» EXERCISE REQUIREMENTS
Which of the lines below contain the string "proof"? Copy each one.

» Stored data
lemma bounded_chain_iff_successively:
  "bounded_chain G m H L \<longleftrightarrow> (\<exists>Ks. Ks \<noteq> [] \<and> hd Ks = H \<and> last Ks = L
      \<and> (\<forall>K\<in>set Ks. subgroup K G)
      \<and> successively (\<lambda>K K'. fin_index_in G K K' \<and> rel_index G K K' \<le> m) Ks)"
  (is "_ \<longleftrightarrow> (\<exists>Ks. ?chain H L Ks)")
proof
  assume "bounded_chain G m H L"
  then show "\<exists>Ks. ?chain H L Ks"
  proof (induction rule: bounded_chain.induct)
    case (refl H)
    then show ?case by (intro exI[of _ "[H]"]) simp
  next
    case (step H K L)
    then obtain Ks where "?chain K L Ks" by blast
    with step show ?case
      by (intro exI[of _ "H # Ks"]) (auto simp: successively_Cons fin_index_in_def)
  qed
next
  assume "\<exists>Ks. ?chain H L Ks"
  then obtain Ks where "?chain H L Ks" by blast
  then show "bounded_chain G m H L"
  proof (induction Ks arbitrary: H)
    case (Cons K Ks)
    then show ?case
      by (cases Ks) (auto simp: successively_Cons intro: bounded_chain.intros)
  qed simp
qed

lemma ex_index_chain_iff_bounded_chain:
  "(\<exists>Ks. index_chain G H m Ks) \<longleftrightarrow> bounded_chain G m H (carrier G)"
  by (simp add: index_chain_def bounded_chain_iff_successively successively_iff_nth)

» ANSWER BELOW
proof
  proof (induction rule: bounded_chain.induct)
  proof (induction Ks arbitrary: H)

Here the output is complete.